VerbsFirst is a family of focused language drills for adults who prefer effective tools over streak-chasing. Get the verbs moving early and the rest of the language starts feeling less frozen.
Because it is a giant low-hanging fruit. If you get verbs under control early, two things improve fast: saying what you mean, and following fast speech.
The problem usually is not that you do not know enough words. It is that when you try to say something, it does not come out cleanly. You hesitate. You are unsure about the form. The sentence loses momentum. And verbs are usually where that starts.
Learner A knows more words and understands quite a bit, but still has to think about verb forms.
Learner B knows fewer words, but the verbs come out quickly, so they speak more freely and separate fast speech into actual words more easily.
Usually the second one ends up speaking more. When the verb is shaky, everything built on top of it gets shaky too: timing, confidence, rhythm, and the willingness to keep going.
Verb endings also carry structure. In fast speech, they give you anchors for who is doing what and when it happens, so native speech starts feeling less like mush.
VerbsFirst is here to do one thing well: make your verb usage fast and reliable.
And secondarily, to serve as a quick reference when you just need a conjugation without friction.
No login. No tracking. No backend watching what you do.
It runs locally. Your data stays with you. It is just a tool.
The case for focused verb practice does not rest on one single paper. It comes from several overlapping areas of research.

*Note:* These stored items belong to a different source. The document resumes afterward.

lemma is_elim_antisym:
  assumes g: "g \<in> E" "X g = Y g" "X g \<noteq> 0" and h: "h \<in> E" "X h = Y h" "X h \<noteq> 0"
    and Zg: "is_elim g Zg" and Zh: "is_elim h Zh" and nz: "Zg h \<noteq> 0" "Zh g \<noteq> 0"
  shows "Zg h * X h = - (Zh g * X g)"
proof -
  have "\<not> (Zg h = X h \<and> Zh g = X g)"
    using is_elim_not_both_opposite[OF g h(2,3) Zg Zh, of "neg X"] by auto
  moreover have "\<not> (Zg h = - X h \<and> Zh g = - X g)"
    using is_elim_not_both_opposite[OF g h(2,3) Zg Zh, of Y] g(2) h(2) by auto
  moreover have "Zg h \<in> {-1, 1}" "Zh g \<in> {-1, 1}" "X g \<in> {-1, 1}" "X h \<in> {-1, 1}"
    using nz g(3) h(3) cocircuit_sign[OF is_elim_cocircuit[OF Zg], of h]
      cocircuit_sign[OF is_elim_cocircuit[OF Zh], of g]
      cocircuit_sign[OF X_cocircuit, of g] cocircuit_sign[OF X_cocircuit, of h] by auto
  ultimately show ?thesis
    by auto
qed

lemma is_elim_transfer:
  assumes a: "a \<in> E" "X a = Y a" "X a \<noteq> 0" and p: "p \<in> E" "X p = Y p" "X p \<noteq> 0"
    and f: "f \<in> E" "X f = Y f" "X f \<noteq> 0" and X_p: "X p = X a"
    and Za: "is_elim a Za" and Zp: "is_elim p Zp" and Zf: "is_elim f Zf" and Za_f: "Za f \<noteq> 0"
    and Zf_p: "Zf a \<noteq> 0 \<Longrightarrow> Zf p \<noteq> 0 \<Longrightarrow> Zf p = Zf a"
    and Zp_f: "Zp a \<noteq> 0 \<Longrightarrow> Zp f \<noteq> 0"
  shows "Zp f = Za f \<and> Zf a = Zf p"
proof -
  have "Zf a \<noteq> 0"
  proof
    assume "Zf a = 0"
    then have "Zf = Za"
      using is_elim_unique[OF a(1,3) is_elim_move[OF Zf] Za] by blast
    then show False
      using Za_f is_elim_zero_at[OF Zf] by simp
  qed
  have "Zf p \<noteq> 0"
  proof
    assume "Zf p = 0"
    then have "Zf = Zp"
      using is_elim_unique[OF p(1,3) is_elim_move[OF Zf] Zp] by blast
    then show False
      using Zp_f \<open>Zf a \<noteq> 0\<close> is_elim_zero_at[OF Zf] by simp
  qed
  have "Zp f \<noteq> 0"
  proof
    assume "Zp f = 0"
    then have "Zp = Zf"
      using is_elim_unique[OF f(1,3) is_elim_move[OF Zp] Zf] by blast
    then show False
      using \<open>Zf p \<noteq> 0\<close> is_elim_zero_at[OF Zp] by simp
  qed
  have "Zf p = Zf a"
    using Zf_p \<open>Zf a \<noteq> 0\<close> \<open>Zf p \<noteq> 0\<close> .
  have "Zp f * X f = - (Zf p * X p)"
    using is_elim_antisym[OF p f Zp Zf \<open>Zp f \<noteq> 0\<close> \<open>Zf p \<noteq> 0\<close>] .
  also have "\<dots> = - (Zf a * X a)"
    using \<open>Zf p = Zf a\<close> X_p by simp
  also have "\<dots> = Za f * X f"
    using is_elim_antisym[OF a f Za Zf Za_f \<open>Zf a \<noteq> 0\<close>] by simp
  finally have "Zp f = Za f"
    using f(3) by simp
  then show ?thesis
    using \<open>Zf p = Zf a\<close> by simp
qed

end

section \<open>Lexicographic extensions\<close>

lemma cocirc_index_eqI:
  assumes "i < length I" "\<And>j. j < i \<Longrightarrow> V (I ! j) = 0" "V (I ! i) \<noteq> 0"
  shows "cocirc_index I V = i"
proof -
  have "(LEAST j. j < length I \<and> V (I ! j) \<noteq> 0) = i"
  proof (rule Least_equality)
    show "i < length I \<and> V (I ! i) \<noteq> 0"
      using assms(1,3) ..
  next
    fix j assume "j < length I \<and> V (I ! j) \<noteq> 0"
    then show "i \<le> j"
      using assms(2) not_le by blast
  qed
  then show ?thesis
    using assms(1,3) by (auto simp: cocirc_index_def)
qed

lemma nth_cocirc_index_nonzero:
  assumes "cocirc_index I V < length I"
  shows "V (I ! cocirc_index I V) \<noteq> 0"
proof -
  have ex: "\<exists>i<length I. V (I ! i) \<noteq> 0"
    using assms by (auto simp: cocirc_index_def split: if_splits)
  then have "cocirc_index I V = (LEAST i. i < length I \<and> V (I ! i) \<noteq> 0)"
    by (simp add: cocirc_index_def)
  also have "V (I ! \<dots>) \<noteq> 0"
    using LeastI_ex[OF ex[unfolded Bex_def]] by blast
  finally show ?thesis .
qed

1. Verb-centered patterns are a real part of how language is learned
Usage-based and construction-based research treats language as recurring form-meaning patterns, many of them organized around verbs and their argument structures. Learners are not just collecting words and rules; they are building networks of verb-centered patterns.
2. Grammar becomes usable through practice, not just understanding
Second-language acquisition research has long distinguished between knowing a rule and being able to use it quickly under pressure. Practice contributes to proceduralization: forms become more available, less effortful, and more automatic.
3. Retrieval matters
Memory research consistently finds that active recall improves later retention more than passive review alone. That is one reason a “try to say it, then check” loop is often more useful than simply rereading tables.
4. Confidence affects whether people actually speak
Research on willingness to communicate in a second language shows that learners speak more when they feel able to produce language reliably in the moment. If uncertainty around forms makes speech halting, that affects not only accuracy but also whether the learner keeps participating at all.
5. Morphology can help with fast speech
Research in usage-based learning and processing also supports the idea that structural cues help listeners parse language in real time. In practical terms, knowing common endings and verb patterns can make fast speech easier to segment and less chaotic.
Bottom line
That is the overlap this tool is trying to target.